Un emprunt obligataire est caractérisé par:

* la valeur nominale : c’est la valeur qui figure sur le titre appelée aussi valeur faciale. C’est sur cette valeur que sont calculés les intérêts En Tunisie, la valeur nominale ne peut être inférieure à 5 dinars;

* le prix d’émission ou de souscription : c’est le montant à verser par toute personne qui souscrit une obligation au moment de l’émission. Si la valeur d’émission est égale à la valeur nominale de l’obligation on dit que l’émission se fait « au pair », alors que si elle est inférieure à la valeur nominale on dit que l’émission se fait « au dessous du pair » ;

* le prix boursier : c’est un prix de marché. Il est donc, déterminé par la confrontation sur le marché de l’offre et de la demande, et dépend du taux d’intérêt qui est pratiqué sur le marché en question ;

* la prime d’émission : c’est la différence entre la valeur nominale et le prix d’émission;

* le prix de remboursement : c’est le prix que l’émetteur s’engage à payer au porteur de l’obligation, au moment du remboursement ;

* la prime de remboursement : certains emprunts obligataires sont remboursés à un prix supérieur au nominal, c’est à dire avec une prime de remboursement en faveur du détenteur de l’obligation ;

* le taux facial ou taux nominal : c’est le taux d’intérêt qui est appliqué à la valeur nominale;

* les intérêts : généralement annuel, l’intérêt peut être servi à un taux fixe qui est convenu d’avance ou à un taux variable qui est fonction d’un taux de référence sur le marché tel que le taux du marché monétaire (TMM). L’intérêt est souvent appelé coupon.

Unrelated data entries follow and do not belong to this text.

(* Let $\mathcal{F}:\mathcal{T}^Y\to\mathcal{T}^Z$ be a (holomorphic, projective) cover between trees of spheres with portrait $\mathbf{F}$ and of degree $D$. Let $v$ be an internal vertex of $T^Y$ with $\deg(v)=D$, and let $(f_n,y_n,z_n)_n$ be a sequence of rational maps marked by $\mathbf{F}$ converging to $\mathcal{F}$ via $(\phi^Y_n,\phi^Z_n)$. Then $\phi^Z_{n,F(v)}\circ f_n\circ(\phi^Y_{n,v})^{-1}:\mathbb{S}_v\to\mathbb{S}_{F(v)}$ converges uniformly on $\mathbb{S}_v$ to $f_v$.
   Context: Trees: finite connected graphs without cycles (vertices $V$, edges $2$-element subsets, $E_v$ the edges at $v$); leaves have valence $1$, the others are internal ($IV$); trees are stable (internal vertices have valence $\ge3$). For $e\in E_v$, $B_v(e)$ is the component of the tree minus $v$ containing $e$. A projective tree of spheres $\mathcal{T}^X$ marked by a finite set $X$ ($\ge3$ elements) is a tree $T^X$ with leaf set $X$ and, for each internal vertex $v$, a sphere $\mathbb{S}_v$ with a projective structure and an injection $i_v:E_v\to\mathbb{S}_v$; $X_v=i_v(E_v)$; $a_v(x)=i_v(e)$ for $x\in B_v(e)$. A holomorphic cover $\mathcal{F}:\mathcal{T}^Y\to\mathcal{T}^Z$: a map $F:T^Y\to T^Z$ sending vertices to vertices and edges $\{v,w\}$ to edges $\{F(v),F(w)\}$, $Y$ into $Z$ and $IV^Y$ into $IV^Z$, with holomorphic branched coverings $f_v:\mathbb{S}_v\to\mathbb{S}_{F(v)}$ ($v\in IV^Y$) which restrict to coverings $\mathbb{S}_v\setminus Y_v\to\mathbb{S}_{F(v)}\setminus Z_{F(v)}$, satisfy $f_v\circ i_v=i_{F(v)}\circ F$ on $E_v$, and have equal local degrees at both attaching points of an edge between internal vertices. $\deg(v)=\deg f_v$; for a leaf $y$ attached to internal $v$ by $e$, $\deg(y)=\deg_{i_v(e)}f_v$. The degree $D$ is $\sum_{v'\in F^{-1}(w)}\deg(v')$, independent of the vertex $w$. The portrait of $\mathcal{F}$ is $(F|_Y,\deg|_Y)$. A portrait of degree $D$ is $\mathbf{F}=(F,\deg)$, $F:Y\to Z$, $\deg:Y\to\mathbb{N}\setminus\{0\}$ with $\sum_{a\in Y}(\deg(a)-1)=2D-2$ and $\sum_{a\in F^{-1}(b)}\deg(a)=D$ for all $b\in Z$. A rational map marked by $\mathbf{F}$ is $(f,y,z)$ with $f$ rational of degree $D$, $y:Y\to\hat{\mathbb{C}}$ and $z:Z\to\hat{\mathbb{C}}$ injective, $f\circ y=z\circ F$ and $\deg_{y(a)}f=\deg(a)$. Convergence: $(f_n,y_n,z_n)\to\mathcal{F}$ via $(\phi^Y_n,\phi^Z_n)$ if the $(f_n,y_n,z_n)$ are marked by the portrait of $\mathcal{F}$ and for each $v\in IV^Y$, $w=F(v)$, there are projective isomorphisms $\phi^Y_{n,v}:\hat{\mathbb{C}}\to\mathbb{S}_v$, $\phi^Z_{n,w}:\hat{\mathbb{C}}\to\mathbb{S}_w$ with $\phi^Y_{n,v}\circ y_n\to a^Y_v$, $\phi^Z_{n,w}\circ z_n\to a^Z_w$, and $\phi^Z_{n,w}\circ f_n\circ(\phi^Y_{n,v})^{-1}\to f_v$ locally uniformly on $\mathbb{S}_v\setminus Y_v$. *)

theory Defs
  imports "HOL-Analysis.Analysis" "HOL-Computational_Algebra.Polynomial_Factorial"
begin

text \<open>The Riemann sphere is modelled as complex option: Some z is the finite point z,
  None is the point at infinity.  Its metric is the chordal metric.\<close>

type_synonym csphere = "complex option"

fun sdist :: "csphere \<Rightarrow> csphere \<Rightarrow> real" where
  "sdist (Some z) (Some w) = 2 * cmod (z - w) / sqrt ((1 + (cmod z)\<^sup>2) * (1 + (cmod w)\<^sup>2))"
| "sdist (Some z) None = 2 / sqrt (1 + (cmod z)\<^sup>2)"
| "sdist None (Some w) = 2 / sqrt (1 + (cmod w)\<^sup>2)"
| "sdist None None = 0"

definition rat_eval :: "complex poly \<Rightarrow> complex poly \<Rightarrow> csphere \<Rightarrow> csphere" where
  "rat_eval p q a = (case a of
      Some z \<Rightarrow> (if poly q z = 0 then None else Some (poly p z / poly q z))
    | None \<Rightarrow> (if degree p > degree q then None
               else if degree p = degree q then Some (lead_coeff p / lead_coeff q)
               else Some 0))"

definition rational_map :: "nat \<Rightarrow> (csphere \<Rightarrow> csphere) \<Rightarrow> bool" where
  "rational_map D g \<longleftrightarrow> D \<ge> 1 \<and>
     (\<exists>p q. coprime p q \<and> max (degree p) (degree q) = D \<and> g = rat_eval p q)"

definition rat_rep :: "(csphere \<Rightarrow> csphere) \<Rightarrow> complex poly \<times> complex poly" where
  "rat_rep g = (SOME (p, q). coprime p q \<and> max (degree p) (degree q) \<ge> 1 \<and> g = rat_eval p q)"

definition rat_degree :: "(csphere \<Rightarrow> csphere) \<Rightarrow> nat" where
  "rat_degree g = (case rat_rep g of (p, q) \<Rightarrow> max (degree p) (degree q))"

text \<open>Local degree of p/q at a point a (multiplicity of a as a solution of p/q = (p/q)(a)).\<close>
definition ldeg_pq :: "complex poly \<Rightarrow> complex poly \<Rightarrow> csphere \<Rightarrow> nat" where
  "ldeg_pq p q a = (case a of
      Some z \<Rightarrow> (case rat_eval p q (Some z) of
                   Some b \<Rightarrow> order z (p - smult b q)
                 | None \<Rightarrow> order z q)
    | None \<Rightarrow> (case rat_eval p q None of
                   Some b \<Rightarrow> max (degree p) (degree q) - degree (p - smult b q)
                 | None \<Rightarrow> max (degree p) (degree q) - degree q))"

definition locdeg :: "(csphere \<Rightarrow> csphere) \<Rightarrow> csphere \<Rightarrow> nat" where
  "locdeg g a = (case rat_rep g of (p, q) \<Rightarrow> ldeg_pq p q a)"

definition moebius :: "(csphere \<Rightarrow> csphere) \<Rightarrow> bool" where
  "moebius g \<longleftrightarrow> rational_map 1 g"

definition adj :: "'v set set \<Rightarrow> ('v \<times> 'v) set" where
  "adj E = {(a, b). {a, b} \<in> E}"

definition edges_at :: "'v set set \<Rightarrow> 'v \<Rightarrow> 'v set set" where
  "edges_at E v = {e \<in> E. v \<in> e}"

definition is_cycle :: "'v set set \<Rightarrow> 'v list \<Rightarrow> bool" where
  "is_cycle E cs \<longleftrightarrow> length cs \<ge> 3 \<and> distinct cs \<and>
     (\<forall>k < length cs. {cs ! k, cs ! ((k + 1) mod length cs)} \<in> E)"

definition tree :: "'v set \<Rightarrow> 'v set set \<Rightarrow> bool" where
  "tree V E \<longleftrightarrow> finite V \<and>
     (\<forall>e\<in>E. \<exists>a b. a \<in> V \<and> b \<in> V \<and> a \<noteq> b \<and> e = {a, b}) \<and>
     (\<forall>a\<in>V. \<forall>b\<in>V. (a, b) \<in> (adj E)\<^sup>*) \<and>
     \<not> (\<exists>cs. is_cycle E cs)"

text \<open>B_v(e): vertices of the component of the tree minus v containing the edge e at v.\<close>
definition branch :: "'v set \<Rightarrow> 'v set set \<Rightarrow> 'v \<Rightarrow> 'v set \<Rightarrow> 'v set" where
  "branch V E v e = {x \<in> V. \<exists>u. u \<noteq> v \<and> e = {v, u} \<and>
       (u, x) \<in> (adj E \<inter> ((V - {v}) \<times> (V - {v})))\<^sup>*}"

text \<open>A projective tree of spheres marked by X: tree (V,E) with leaf set X, stable,
  and for each internal vertex v an injection i v of the edges at v into the sphere
  S_v; each projective sphere S_v is identified with the Riemann sphere.\<close>
definition tree_of_spheres ::
  "'v set \<Rightarrow> 'v set set \<Rightarrow> 'v set \<Rightarrow> ('v \<Rightarrow> 'v set \<Rightarrow> csphere) \<Rightarrow> bool" where
  "tree_of_spheres V E X i \<longleftrightarrow> tree V E \<and> X \<subseteq> V \<and> finite X \<and> card X \<ge> 3 \<and>
     (\<forall>x\<in>V. card (edges_at E x) = 1 \<longleftrightarrow> x \<in> X) \<and>
     (\<forall>v\<in>V - X. card (edges_at E v) \<ge> 3 \<and> inj_on (i v) (edges_at E v))"

definition Xset :: "'v set set \<Rightarrow> ('v \<Rightarrow> 'v set \<Rightarrow> csphere) \<Rightarrow> 'v \<Rightarrow> csphere set" where
  "Xset E i v = i v ` edges_at E v"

* la durée : la durée de vie de l’emprunt est le temps compris entre la date de souscription et la date de remboursement de la dernière tranche de l’emprunt. En Tunisie, les emprunts obligataires sont émis pour une durée minimale de cinq ans.

 

3.2. Le crédit bail

Le crédit-bail est un mode de financement des investissements qui dans son esprit, s’assimile à l’emprunt. Un contrat de crédit-bail se caractérise par :

 

3.3. Les produits hybrides et optionnels

Afin de ne pas proposer aux investisseurs un produit déprécié et risqué, l’entreprise peut orienter son choix vers des titres moins risqués mais plus compliqués, comme par exemple l’obligation convertible en action ou l’obligation à bon de souscription d’action.

 

3.3.1. Les obligations convertibles en action

Le souscripteur d’une obligation convertible, titulaire à l’origine d’une créance à l’encontre de l’entreprise, a la faculté, au terme d’un délai, d’exercer une option entre la conservation de sa créance obligataire ou la conversion de son titre en action. Il n’y a donc d’augmentation de capital pour l’entreprise que dans le cas d’une conversion : les fonds propres ne sont ainsi que potentiels.

 

3.3.1. Les obligations à bons de souscription en actions

L’obligation à bon de souscription en action présente une différence majeure avec l’emprunt convertible. Dans l’obligation convertible, l’option de conversion n’est pas séparable de la partie obligataire. Dans une émission d’OBSA, les deux instruments sont émis conjointement mais font l’objet ensuite, de transactions séparées, ce qui permet au souscripteur à une OBSA de ne pas perdre sa qualité d’obligataire après l’exercice de son option contrairement au souscripteur à une obligation convertible.